Aim of the task: The records should be restated exactly from their first line through the line with "by (simp add: u v algebra_simps)" in it.

Data supplied:

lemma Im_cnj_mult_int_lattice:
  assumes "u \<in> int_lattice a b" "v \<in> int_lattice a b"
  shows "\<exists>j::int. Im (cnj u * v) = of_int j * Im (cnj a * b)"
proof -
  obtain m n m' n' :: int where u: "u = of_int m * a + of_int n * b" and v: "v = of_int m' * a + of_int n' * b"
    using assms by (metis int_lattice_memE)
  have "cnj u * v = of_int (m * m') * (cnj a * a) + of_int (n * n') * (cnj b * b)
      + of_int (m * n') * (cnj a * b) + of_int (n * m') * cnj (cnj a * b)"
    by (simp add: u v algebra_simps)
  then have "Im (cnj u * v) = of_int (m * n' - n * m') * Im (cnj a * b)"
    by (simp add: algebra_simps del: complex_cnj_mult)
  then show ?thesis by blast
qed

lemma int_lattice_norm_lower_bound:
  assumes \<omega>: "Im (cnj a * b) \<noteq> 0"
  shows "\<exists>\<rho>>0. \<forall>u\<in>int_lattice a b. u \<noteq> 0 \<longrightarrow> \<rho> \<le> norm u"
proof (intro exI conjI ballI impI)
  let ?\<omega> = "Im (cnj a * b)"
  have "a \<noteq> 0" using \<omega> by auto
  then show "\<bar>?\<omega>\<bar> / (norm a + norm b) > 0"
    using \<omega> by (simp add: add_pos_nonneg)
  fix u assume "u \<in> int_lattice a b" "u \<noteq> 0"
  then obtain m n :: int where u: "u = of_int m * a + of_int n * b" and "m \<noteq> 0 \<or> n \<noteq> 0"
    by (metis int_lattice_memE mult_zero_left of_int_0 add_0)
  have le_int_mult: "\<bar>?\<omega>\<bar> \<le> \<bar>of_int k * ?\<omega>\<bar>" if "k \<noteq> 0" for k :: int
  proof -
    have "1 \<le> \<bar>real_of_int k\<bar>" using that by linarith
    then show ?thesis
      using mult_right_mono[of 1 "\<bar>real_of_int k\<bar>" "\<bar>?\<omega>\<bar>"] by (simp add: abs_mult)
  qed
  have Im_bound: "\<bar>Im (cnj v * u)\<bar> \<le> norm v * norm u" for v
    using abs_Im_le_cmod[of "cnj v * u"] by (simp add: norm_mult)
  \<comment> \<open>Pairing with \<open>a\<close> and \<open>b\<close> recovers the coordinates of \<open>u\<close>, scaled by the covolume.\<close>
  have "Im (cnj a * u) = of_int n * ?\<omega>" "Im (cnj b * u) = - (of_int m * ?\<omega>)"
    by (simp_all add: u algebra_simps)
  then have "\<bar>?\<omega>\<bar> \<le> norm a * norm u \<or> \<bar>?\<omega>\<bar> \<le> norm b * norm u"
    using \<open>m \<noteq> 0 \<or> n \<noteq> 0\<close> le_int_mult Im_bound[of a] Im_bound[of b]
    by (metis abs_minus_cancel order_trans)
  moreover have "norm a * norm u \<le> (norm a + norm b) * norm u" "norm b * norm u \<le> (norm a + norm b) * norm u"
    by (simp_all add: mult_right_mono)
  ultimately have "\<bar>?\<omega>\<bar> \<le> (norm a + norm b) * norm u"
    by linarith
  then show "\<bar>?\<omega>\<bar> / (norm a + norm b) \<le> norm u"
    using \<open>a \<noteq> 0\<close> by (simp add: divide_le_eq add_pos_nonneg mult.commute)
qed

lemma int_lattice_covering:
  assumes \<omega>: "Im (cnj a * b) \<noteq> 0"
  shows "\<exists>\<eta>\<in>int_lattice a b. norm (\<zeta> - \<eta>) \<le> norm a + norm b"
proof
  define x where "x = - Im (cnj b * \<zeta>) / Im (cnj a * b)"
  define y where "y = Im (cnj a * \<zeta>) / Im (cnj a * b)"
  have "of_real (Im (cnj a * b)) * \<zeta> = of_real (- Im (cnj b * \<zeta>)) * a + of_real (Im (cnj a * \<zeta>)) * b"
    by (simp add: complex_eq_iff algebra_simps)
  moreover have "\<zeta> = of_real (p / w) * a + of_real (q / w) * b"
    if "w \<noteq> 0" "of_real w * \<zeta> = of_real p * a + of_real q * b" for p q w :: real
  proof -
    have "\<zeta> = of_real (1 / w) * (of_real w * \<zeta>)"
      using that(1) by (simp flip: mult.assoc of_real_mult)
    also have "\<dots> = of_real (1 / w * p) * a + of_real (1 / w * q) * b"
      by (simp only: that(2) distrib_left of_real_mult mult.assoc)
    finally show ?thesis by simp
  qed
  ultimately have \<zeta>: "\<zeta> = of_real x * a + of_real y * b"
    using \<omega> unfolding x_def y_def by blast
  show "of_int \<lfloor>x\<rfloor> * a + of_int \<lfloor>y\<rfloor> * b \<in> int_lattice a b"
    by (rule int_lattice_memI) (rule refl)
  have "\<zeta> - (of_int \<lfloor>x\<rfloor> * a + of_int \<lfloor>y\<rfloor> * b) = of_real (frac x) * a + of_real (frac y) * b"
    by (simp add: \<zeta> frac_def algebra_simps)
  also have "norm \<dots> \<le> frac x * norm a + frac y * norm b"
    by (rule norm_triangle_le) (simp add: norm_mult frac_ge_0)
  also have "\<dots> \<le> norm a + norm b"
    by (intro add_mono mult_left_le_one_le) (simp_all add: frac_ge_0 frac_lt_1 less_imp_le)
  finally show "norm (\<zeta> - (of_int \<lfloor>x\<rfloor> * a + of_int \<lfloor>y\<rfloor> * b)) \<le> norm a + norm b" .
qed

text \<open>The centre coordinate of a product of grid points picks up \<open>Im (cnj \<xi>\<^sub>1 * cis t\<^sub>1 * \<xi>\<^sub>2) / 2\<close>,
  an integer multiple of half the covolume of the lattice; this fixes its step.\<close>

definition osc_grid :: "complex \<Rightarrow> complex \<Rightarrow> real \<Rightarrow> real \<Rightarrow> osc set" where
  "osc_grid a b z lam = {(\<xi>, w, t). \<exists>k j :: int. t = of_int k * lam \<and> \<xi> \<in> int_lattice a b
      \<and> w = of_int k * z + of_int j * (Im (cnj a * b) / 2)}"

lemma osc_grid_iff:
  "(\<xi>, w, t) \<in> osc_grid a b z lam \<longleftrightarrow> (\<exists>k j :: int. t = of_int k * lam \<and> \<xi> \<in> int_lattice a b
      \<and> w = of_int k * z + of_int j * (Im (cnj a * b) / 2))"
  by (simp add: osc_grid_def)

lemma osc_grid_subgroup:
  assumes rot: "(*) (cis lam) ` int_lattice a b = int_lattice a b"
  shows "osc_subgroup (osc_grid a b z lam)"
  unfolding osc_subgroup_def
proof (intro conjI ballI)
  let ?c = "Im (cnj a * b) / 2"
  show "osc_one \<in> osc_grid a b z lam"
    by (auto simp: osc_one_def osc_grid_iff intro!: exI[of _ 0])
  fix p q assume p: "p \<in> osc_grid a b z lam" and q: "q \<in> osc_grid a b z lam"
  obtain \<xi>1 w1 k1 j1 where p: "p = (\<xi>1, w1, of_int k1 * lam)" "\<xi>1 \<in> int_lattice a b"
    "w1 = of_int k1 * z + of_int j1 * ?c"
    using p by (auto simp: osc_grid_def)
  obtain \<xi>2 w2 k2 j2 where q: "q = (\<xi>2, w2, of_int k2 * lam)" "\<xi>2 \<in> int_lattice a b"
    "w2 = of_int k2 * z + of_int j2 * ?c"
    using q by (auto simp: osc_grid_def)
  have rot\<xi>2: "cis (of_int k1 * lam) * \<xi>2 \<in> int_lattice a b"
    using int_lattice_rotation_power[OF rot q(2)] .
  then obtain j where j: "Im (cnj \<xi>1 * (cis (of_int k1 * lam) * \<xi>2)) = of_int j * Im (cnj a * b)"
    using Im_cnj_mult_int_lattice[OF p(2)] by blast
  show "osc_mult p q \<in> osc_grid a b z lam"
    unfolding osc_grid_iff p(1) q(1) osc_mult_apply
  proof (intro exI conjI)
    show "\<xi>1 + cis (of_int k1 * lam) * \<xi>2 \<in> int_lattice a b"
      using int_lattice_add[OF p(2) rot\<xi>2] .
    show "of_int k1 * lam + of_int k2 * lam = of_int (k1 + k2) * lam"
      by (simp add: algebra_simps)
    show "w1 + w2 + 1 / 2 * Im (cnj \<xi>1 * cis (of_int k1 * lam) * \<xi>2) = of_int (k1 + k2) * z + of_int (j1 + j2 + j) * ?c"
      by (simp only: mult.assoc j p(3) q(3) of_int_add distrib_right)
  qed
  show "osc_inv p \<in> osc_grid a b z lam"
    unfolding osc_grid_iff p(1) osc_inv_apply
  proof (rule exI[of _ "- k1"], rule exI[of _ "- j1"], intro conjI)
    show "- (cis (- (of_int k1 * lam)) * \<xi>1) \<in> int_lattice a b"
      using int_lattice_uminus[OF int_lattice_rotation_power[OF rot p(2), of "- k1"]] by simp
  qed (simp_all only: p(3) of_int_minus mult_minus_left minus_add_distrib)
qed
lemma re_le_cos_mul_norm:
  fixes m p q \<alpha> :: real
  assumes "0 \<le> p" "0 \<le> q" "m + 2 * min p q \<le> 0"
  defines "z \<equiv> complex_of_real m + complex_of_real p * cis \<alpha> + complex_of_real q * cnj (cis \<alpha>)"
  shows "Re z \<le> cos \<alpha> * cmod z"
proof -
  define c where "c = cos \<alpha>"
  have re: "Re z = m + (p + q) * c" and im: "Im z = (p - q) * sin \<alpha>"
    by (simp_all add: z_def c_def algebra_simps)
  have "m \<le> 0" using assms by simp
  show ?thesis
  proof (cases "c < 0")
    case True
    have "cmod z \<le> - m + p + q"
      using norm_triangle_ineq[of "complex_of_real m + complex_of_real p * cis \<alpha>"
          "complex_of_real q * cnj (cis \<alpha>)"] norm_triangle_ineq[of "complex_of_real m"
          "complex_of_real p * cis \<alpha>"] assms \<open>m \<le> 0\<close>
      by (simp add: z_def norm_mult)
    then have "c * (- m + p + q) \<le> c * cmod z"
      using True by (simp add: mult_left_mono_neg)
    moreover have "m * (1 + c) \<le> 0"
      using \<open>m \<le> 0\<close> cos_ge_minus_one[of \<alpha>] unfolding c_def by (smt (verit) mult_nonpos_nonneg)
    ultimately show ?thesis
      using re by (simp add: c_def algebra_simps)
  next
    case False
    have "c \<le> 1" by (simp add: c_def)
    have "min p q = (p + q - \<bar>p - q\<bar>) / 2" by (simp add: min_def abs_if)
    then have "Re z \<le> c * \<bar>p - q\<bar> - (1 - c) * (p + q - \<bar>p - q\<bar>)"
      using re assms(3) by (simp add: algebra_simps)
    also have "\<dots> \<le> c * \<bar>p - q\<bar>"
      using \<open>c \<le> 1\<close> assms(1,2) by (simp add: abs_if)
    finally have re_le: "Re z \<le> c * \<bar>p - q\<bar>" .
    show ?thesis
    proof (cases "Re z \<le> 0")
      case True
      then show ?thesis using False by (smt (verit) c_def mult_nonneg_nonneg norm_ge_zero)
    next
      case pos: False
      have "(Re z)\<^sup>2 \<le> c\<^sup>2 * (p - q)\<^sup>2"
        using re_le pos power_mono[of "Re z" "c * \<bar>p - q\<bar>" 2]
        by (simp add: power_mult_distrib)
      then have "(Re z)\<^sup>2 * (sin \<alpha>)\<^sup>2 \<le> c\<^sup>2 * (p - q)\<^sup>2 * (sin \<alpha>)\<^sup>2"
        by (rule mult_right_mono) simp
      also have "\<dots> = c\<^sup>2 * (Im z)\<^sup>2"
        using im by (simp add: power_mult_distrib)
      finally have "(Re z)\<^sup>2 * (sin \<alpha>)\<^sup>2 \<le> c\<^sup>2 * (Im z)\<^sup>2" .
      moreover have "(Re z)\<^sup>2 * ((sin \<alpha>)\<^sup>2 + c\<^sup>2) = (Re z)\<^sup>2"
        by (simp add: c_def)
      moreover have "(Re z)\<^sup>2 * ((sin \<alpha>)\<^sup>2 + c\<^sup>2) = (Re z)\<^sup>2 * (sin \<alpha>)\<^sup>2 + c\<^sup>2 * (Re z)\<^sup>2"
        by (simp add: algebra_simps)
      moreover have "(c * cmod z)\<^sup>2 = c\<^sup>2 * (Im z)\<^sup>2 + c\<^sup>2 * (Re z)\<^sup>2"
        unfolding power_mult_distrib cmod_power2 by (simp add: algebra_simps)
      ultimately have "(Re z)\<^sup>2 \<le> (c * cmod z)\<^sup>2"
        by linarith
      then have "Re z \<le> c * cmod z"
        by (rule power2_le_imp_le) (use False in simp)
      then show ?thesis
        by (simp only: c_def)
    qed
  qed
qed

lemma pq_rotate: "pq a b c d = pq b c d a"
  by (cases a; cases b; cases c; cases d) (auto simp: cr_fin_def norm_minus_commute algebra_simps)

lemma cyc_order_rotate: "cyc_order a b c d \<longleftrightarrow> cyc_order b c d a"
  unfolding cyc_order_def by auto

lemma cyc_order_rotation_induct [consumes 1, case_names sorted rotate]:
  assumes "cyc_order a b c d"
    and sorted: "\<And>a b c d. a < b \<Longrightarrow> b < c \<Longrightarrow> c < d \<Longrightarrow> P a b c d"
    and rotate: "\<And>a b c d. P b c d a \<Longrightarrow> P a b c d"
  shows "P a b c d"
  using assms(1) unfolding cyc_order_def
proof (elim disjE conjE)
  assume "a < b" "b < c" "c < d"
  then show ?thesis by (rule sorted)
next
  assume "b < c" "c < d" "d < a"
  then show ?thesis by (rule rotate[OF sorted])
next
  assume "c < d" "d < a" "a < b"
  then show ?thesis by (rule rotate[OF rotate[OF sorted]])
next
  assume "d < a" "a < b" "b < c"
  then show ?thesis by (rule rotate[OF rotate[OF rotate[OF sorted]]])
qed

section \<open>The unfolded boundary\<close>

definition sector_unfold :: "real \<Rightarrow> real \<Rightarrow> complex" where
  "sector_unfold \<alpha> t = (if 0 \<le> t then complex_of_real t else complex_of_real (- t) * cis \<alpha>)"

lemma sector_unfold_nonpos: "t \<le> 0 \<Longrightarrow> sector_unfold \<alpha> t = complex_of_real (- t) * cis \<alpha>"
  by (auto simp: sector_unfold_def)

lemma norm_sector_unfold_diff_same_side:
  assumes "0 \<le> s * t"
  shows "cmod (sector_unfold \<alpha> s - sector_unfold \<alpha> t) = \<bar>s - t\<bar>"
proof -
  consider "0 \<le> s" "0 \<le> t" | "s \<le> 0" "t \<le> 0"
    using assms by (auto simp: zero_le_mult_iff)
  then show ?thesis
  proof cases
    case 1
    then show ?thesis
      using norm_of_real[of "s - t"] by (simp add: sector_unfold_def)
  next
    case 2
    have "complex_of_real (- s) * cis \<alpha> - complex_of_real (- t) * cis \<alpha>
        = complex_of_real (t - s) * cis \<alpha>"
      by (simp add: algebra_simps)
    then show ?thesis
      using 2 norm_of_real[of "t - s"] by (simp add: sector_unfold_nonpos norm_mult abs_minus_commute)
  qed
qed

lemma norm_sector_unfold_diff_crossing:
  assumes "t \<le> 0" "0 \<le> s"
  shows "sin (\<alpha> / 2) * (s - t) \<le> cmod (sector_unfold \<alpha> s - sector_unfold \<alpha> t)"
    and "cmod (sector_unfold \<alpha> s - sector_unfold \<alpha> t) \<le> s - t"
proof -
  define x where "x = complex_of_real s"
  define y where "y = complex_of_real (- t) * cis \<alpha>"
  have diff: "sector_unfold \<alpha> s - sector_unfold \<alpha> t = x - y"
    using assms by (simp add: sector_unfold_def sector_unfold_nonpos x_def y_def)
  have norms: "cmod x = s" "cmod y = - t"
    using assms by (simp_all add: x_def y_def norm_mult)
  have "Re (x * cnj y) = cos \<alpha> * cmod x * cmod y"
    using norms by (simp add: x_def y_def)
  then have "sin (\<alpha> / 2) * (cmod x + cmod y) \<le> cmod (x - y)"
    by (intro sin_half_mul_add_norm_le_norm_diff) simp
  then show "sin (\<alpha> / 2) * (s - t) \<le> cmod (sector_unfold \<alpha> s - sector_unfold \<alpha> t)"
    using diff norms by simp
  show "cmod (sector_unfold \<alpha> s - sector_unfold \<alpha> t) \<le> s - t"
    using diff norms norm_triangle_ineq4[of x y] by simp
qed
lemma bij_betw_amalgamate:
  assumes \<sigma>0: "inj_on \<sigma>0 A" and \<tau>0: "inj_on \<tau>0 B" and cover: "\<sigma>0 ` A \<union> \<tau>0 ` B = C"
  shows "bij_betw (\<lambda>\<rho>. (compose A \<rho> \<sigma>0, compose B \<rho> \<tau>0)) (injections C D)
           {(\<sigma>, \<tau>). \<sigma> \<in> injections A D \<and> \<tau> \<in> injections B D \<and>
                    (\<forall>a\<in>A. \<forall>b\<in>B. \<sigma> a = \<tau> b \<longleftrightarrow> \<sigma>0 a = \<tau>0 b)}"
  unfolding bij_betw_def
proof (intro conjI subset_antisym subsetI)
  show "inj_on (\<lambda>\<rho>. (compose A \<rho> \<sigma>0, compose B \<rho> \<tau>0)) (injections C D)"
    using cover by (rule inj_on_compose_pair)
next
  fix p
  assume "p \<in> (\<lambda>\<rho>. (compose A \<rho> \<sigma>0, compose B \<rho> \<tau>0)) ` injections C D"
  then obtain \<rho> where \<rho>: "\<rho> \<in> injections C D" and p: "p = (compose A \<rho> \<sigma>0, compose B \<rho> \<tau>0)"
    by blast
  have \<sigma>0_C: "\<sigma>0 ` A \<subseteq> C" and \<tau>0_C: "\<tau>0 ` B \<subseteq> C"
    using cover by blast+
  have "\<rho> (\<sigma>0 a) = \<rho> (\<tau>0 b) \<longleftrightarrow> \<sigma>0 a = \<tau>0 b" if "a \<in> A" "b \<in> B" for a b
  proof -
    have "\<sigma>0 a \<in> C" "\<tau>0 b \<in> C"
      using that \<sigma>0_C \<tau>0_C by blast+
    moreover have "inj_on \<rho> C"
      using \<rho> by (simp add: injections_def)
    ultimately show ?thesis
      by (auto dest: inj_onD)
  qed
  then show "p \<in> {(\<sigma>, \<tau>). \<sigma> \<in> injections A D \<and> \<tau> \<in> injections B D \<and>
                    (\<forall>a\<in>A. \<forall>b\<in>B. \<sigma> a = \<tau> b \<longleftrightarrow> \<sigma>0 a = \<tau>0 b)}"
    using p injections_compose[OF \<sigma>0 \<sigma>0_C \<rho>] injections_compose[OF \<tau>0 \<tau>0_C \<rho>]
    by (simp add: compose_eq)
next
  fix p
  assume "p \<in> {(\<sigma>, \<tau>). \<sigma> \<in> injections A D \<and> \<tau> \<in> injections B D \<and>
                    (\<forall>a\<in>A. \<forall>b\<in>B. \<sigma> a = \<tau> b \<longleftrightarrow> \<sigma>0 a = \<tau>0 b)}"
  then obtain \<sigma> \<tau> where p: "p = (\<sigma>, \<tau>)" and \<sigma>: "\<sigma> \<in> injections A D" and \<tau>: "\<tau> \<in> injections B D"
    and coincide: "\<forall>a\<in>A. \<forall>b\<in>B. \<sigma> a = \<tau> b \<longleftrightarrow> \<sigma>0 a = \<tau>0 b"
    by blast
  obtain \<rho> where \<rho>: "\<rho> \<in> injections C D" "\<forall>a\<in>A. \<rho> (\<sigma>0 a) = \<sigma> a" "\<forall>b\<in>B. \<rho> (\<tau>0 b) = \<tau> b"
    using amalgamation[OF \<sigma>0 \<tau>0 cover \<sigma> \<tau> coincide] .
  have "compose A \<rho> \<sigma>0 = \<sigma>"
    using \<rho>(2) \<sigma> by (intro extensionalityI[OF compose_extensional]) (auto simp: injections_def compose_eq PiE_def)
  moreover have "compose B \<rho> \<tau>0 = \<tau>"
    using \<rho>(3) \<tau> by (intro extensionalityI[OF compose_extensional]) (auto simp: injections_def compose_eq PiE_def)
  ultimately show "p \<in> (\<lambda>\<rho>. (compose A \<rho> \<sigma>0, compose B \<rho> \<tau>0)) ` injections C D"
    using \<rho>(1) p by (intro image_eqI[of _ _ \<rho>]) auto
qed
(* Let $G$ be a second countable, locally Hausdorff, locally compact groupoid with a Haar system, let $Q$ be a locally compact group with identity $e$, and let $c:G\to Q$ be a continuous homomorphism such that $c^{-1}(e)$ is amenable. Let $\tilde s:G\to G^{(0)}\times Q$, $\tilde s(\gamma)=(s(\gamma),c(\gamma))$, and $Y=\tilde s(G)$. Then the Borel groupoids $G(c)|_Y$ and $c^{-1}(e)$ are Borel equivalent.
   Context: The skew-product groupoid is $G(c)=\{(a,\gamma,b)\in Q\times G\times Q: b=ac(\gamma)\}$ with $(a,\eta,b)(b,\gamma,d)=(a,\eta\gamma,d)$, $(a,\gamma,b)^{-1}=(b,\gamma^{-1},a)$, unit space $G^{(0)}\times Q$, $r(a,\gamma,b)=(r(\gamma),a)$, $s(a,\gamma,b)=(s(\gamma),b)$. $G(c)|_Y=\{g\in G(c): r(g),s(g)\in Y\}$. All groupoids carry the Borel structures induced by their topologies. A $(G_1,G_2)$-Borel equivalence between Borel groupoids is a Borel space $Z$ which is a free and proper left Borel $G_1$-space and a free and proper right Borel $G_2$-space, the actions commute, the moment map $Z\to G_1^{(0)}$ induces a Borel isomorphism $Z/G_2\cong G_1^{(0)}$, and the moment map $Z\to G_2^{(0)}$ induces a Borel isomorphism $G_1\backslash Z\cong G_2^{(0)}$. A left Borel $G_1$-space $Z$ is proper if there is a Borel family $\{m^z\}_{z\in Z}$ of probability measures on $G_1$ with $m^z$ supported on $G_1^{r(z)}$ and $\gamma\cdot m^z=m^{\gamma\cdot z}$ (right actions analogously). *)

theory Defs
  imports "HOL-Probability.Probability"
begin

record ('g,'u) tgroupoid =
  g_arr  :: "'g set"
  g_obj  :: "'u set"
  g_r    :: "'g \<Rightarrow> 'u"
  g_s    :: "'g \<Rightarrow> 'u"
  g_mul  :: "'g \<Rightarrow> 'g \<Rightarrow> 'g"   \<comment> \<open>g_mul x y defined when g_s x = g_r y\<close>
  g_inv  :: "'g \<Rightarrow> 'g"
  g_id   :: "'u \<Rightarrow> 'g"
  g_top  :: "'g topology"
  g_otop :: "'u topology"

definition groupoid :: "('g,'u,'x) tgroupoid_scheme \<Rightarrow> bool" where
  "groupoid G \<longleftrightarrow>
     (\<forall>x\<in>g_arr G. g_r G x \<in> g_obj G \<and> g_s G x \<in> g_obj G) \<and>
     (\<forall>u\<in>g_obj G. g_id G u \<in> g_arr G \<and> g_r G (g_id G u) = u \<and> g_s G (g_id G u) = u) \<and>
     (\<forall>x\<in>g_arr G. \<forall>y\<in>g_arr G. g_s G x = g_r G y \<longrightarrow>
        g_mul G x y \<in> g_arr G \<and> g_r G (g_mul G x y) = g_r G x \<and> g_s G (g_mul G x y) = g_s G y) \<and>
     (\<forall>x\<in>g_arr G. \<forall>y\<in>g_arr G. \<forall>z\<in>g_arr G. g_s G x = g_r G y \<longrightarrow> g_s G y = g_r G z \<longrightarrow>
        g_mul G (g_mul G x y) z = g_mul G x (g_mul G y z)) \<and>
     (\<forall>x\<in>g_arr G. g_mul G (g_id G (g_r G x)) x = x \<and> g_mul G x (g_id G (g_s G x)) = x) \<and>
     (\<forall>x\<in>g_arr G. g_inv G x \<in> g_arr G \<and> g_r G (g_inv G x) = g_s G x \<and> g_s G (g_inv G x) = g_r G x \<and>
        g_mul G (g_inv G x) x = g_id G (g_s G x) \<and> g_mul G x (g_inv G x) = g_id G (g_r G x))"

Task output:
lemma Im_cnj_mult_int_lattice:
  assumes "u \<in> int_lattice a b" "v \<in> int_lattice a b"
  shows "\<exists>j::int. Im (cnj u * v) = of_int j * Im (cnj a * b)"
proof -
  obtain m n m' n' :: int where u: "u = of_int m * a + of_int n * b" and v: "v = of_int m' * a + of_int n' * b"
    using assms by (metis int_lattice_memE)
  have "cnj u * v = of_int (m * m') * (cnj a * a) + of_int (n * n') * (cnj b * b)
      + of_int (m * n') * (cnj a * b) + of_int (n * m') * cnj (cnj a * b)"
    by (simp add: u v algebra_simps)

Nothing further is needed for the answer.